在电动车快速普及和政府支持的推动下，充电基础设施的扩张为人工智慧能源管理供应商带来了丰厚的利润。智慧软体平台可以优化充电计划、预测电网需求、平衡可再生能源併网，并确保可靠的效能。随着充电站的普及，对预测性能源分析的需求也将持续增长，这将使营运商能够最大限度地降低成本并提高服务品质。这种演变将创造一个共生生态系统，而电动车的成长将加速人工智慧的普及，从而增强长期市场前景。

经济放缓导致投资能力下降

经济不确定性和全球经济景气衰退对先进能源技术的投资构成重大风险。在景气衰退时期，企业和公用事业公司往往优先考虑短期稳定而非数位转型，从而推迟了人工智慧的采用。资本支出减少可能会推迟基础设施升级，并阻碍人工智慧平台的普及。此外，大宗商品价格波动和政府对智慧型能源计划的资金减少加剧了挑战。这些因素可能会阻碍成长势头，尤其是在对成本敏感的新兴经济体，这些经济体的投资决策严重依赖财政状况。

COVID-19的影响：

新冠疫情最初扰乱了能源管理计划，原因是供应链延迟、劳动力受限以及投资延期。然而，这场危机也凸显了韧性十足、数位优先的基础设施的重要性。随着企业在需求波动的环境下寻求优化能源使用的方法，远端监控和人工智慧预测技术得到了广泛应用。復苏阶段对永续性的关注度不断提高，进一步加速了相关技术的采用。因此，儘管疫情造成了短期障碍，但也为市场长期接受人工智慧能源管理作为提升效率的策略必需品铺平了道路。

预计软体平台部分将成为预测期内最大的部分

软体平台细分市场预计将占据最大市场份额，这得益于其在管理和分析海量能源资料集方面的核心作用。这些平台整合了机器学习、云端运算和物联网连接，以提供预测性洞察和营运自动化。企业更青睐可扩展的软体工具，这些工具可以跨垂直行业和设施进行调整。此外，对基于 SaaS 的解决方案的投资正在增加，使其更易于访问且更具成本效益。随着企业寻求无缝的、基于 AI 的能源监控，该细分市场正成为未来应用的支柱。

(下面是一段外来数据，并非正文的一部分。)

theorem mainTheorem6:
  fixes D :: "'a measure" and G :: "('a \<Rightarrow> real) set"
    and c c2 h t :: real and m :: nat
  assumes "prob_space D"
    and G_meas: "\<And>g. g \<in> G \<Longrightarrow> g \<in> borel_measurable D"
    and G_range: "\<And>g z. g \<in> G \<Longrightarrow> z \<in> space D \<Longrightarrow> 0 \<le> g z \<and> g z \<le> 1"
    and "c > c2" and "c2 > 0" and "0 < h" and "h \<le> 1"
    and "m \<ge> 1"
    and "t \<ge> (1 + c2) * (1 + c2 * h^2) / (real m * c2 * h^2)"
    and meas1: "(\<lambda>S. SUP g\<in>G. ereal (risk D g - (1 + c) * emp_risk m S g
                   + c * (1 - h^2) * emp_risk m S (\<lambda>z. (g z)^2)))
               \<in> borel_measurable (sample_measure D m)"
    and meas2: "(\<lambda>(S, \<epsilon>). SUP g\<in>G. ereal ((\<Sum>i<m. \<epsilon> i * ((1 + (c + c2) / 2) * g (S i)
                   - (c + c2) / 2 * (1 - h^2) * (g (S i))^2)) / real m
                   - (c - c2) / 2 * emp_risk m S (\<lambda>z. g z - (1 - h^2) * (g z)^2)))
               \<in> borel_measurable (sample_measure D m \<Otimes>\<^sub>M rademacher_measure m)"
  shows "1/4 * measure (sample_measure D m)
            {S \<in> space (sample_measure D m).
               (SUP g\<in>G. ereal (risk D g - (1 + c) * emp_risk m S g
                   + c * (1 - h^2) * emp_risk m S (\<lambda>z. (g z)^2))) \<ge> ereal t}
         \<le> measure (sample_measure D m \<Otimes>\<^sub>M rademacher_measure m)
            {(S, \<epsilon>) \<in> space (sample_measure D m \<Otimes>\<^sub>M rademacher_measure m).
               (SUP g\<in>G. ereal ((\<Sum>i<m. \<epsilon> i * ((1 + (c + c2) / 2) * g (S i)
                   - (c + c2) / 2 * (1 - h^2) * (g (S i))^2)) / real m
                   - (c - c2) / 2 * emp_risk m S (\<lambda>z. g z - (1 - h^2) * (g z)^2))) \<ge> ereal (t / 4)}"
proof -
  define b where "b g = (\<lambda>z. (1 + (c + c2) / 2) * g z - (c + c2) / 2 * (1 - h^2) * (g z)^2)"
    for g :: "'a \<Rightarrow> real"
  define f where "f g = (\<lambda>z. g z - (1 - h^2) * (g z)^2)" for g :: "'a \<Rightarrow> real"
  have b_plus: "(\<lambda>z. b g z + (c - c2) / 2 * f g z) = (\<lambda>z. (1 + c) * g z - c * (1 - h^2) * (g z)^2)"
    and b_minus: "(\<lambda>z. b g z - (c - c2) / 2 * f g z) = (\<lambda>z. (1 + c2) * g z - c2 * (1 - h^2) * (g z)^2)"
    for g by (simp_all add: fun_eq_iff b_def f_def field_simps)
  have \<Phi>_eq: "risk D g - emp_risk m S (\<lambda>z. b g z + (c - c2) / 2 * f g z)
      = risk D g - (1 + c) * emp_risk m S g + c * (1 - h^2) * emp_risk m S (\<lambda>z. (g z)^2)" for g S
    unfolding b_plus by (simp add: emp_risk_linear)
  have \<Psi>_eq: "signed_emp_risk m S \<epsilon> (b g) - (c - c2) / 2 * emp_risk m S (f g)
      = (\<Sum>i<m. \<epsilon> i * ((1 + (c + c2) / 2) * g (S i) - (c + c2) / 2 * (1 - h^2) * (g (S i))^2)) / real m
        - (c - c2) / 2 * emp_risk m S (\<lambda>z. g z - (1 - h^2) * (g z)^2)" for g S \<epsilon>
    by (simp add: signed_emp_risk_def b_def f_def)
  have ghost: "1 / 2 \<le> measure (sample_measure D m) {S' \<in> space (sample_measure D m).
      risk D g - t / 2 \<le> emp_risk m S' (\<lambda>z. b g z - (c - c2) / 2 * f g z)}" if "g \<in> G" for g
    unfolding b_minus
    using ghost_sample_bound[OF \<open>prob_space D\<close> G_meas[OF that] G_range[OF that] assms(5-9)] .
  have "measure (sample_measure D m) {S \<in> space (sample_measure D m).
        ereal t \<le> (SUP g\<in>G. ereal (risk D g - emp_risk m S (\<lambda>z. b g z + (c - c2) / 2 * f g z)))}
    \<le> 4 * measure (sample_measure D m \<Otimes>\<^sub>M rademacher_measure m)
        {p \<in> space (sample_measure D m \<Otimes>\<^sub>M rademacher_measure m). ereal (t / 4) \<le> (case p of (S, \<epsilon>) \<Rightarrow>
          SUP g\<in>G. ereal (signed_emp_risk m S \<epsilon> (b g) - (c - c2) / 2 * emp_risk m S (f g)))}"
    using meas1 meas2
    by (intro symmetrization \<open>prob_space D\<close> ghost) (simp_all only: \<Phi>_eq \<Psi>_eq split_beta')
  then show ?thesis
    by (simp only: \<Phi>_eq \<Psi>_eq split_beta' case_prod_unfold) simp
qed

预计基于人工智慧的能源预测部分将在预测期内实现最高的复合年增长率。

预计人工智慧驱动的能源预测领域将在预测期内实现最高的复合年增长率。这一成长源自于在波动性可再生能源与动态消费模式的整合过程中，对准确预测能源需求的需求日益增长。先进的预测工具使公共产业和企业能够缓解电网不稳定、降低营运风险并优化筹资策略。可再生能源渗透率的上升和复杂的负载波动正在推动基于人工智慧的预测需求。因此，该领域被定位为成长最快的前沿领域。

占比最大的地区：

由于快速的工业化、不断增长的能源消耗以及政府主导的智慧电网计划，预计亚太地区将在预测期内占据最大的市场份额。中国、日本和印度等国家正大力投资可再生能源整合和人工智慧赋能的能源优化。不断扩张的城市基础设施和支持性法律规范正在推动公共产业和商业领域的应用。此外，製造业密集型经济体的强劲需求进一步巩固了该地区的主导地位。结构性需求和政策支持的结合正在巩固亚太地区的领先地位。

复合年增长率最高的地区：

预计北美将在预测期内呈现最高的复合年增长率，这得益于强劲的技术创新和可再生能源的广泛应用。强而有力的永续性发展法规以及积极的公共产业数位化倡议，正在加速人工智慧解决方案的采用。主要技术提供者的出现，以及对能源新兴企业的创业投资资金，正在促进快速创新。此外，电动车的普及也推动了对人工智慧充电优化的需求。随着企业优先考虑能源弹性和碳减排，北美正成为成长最快的成长中心。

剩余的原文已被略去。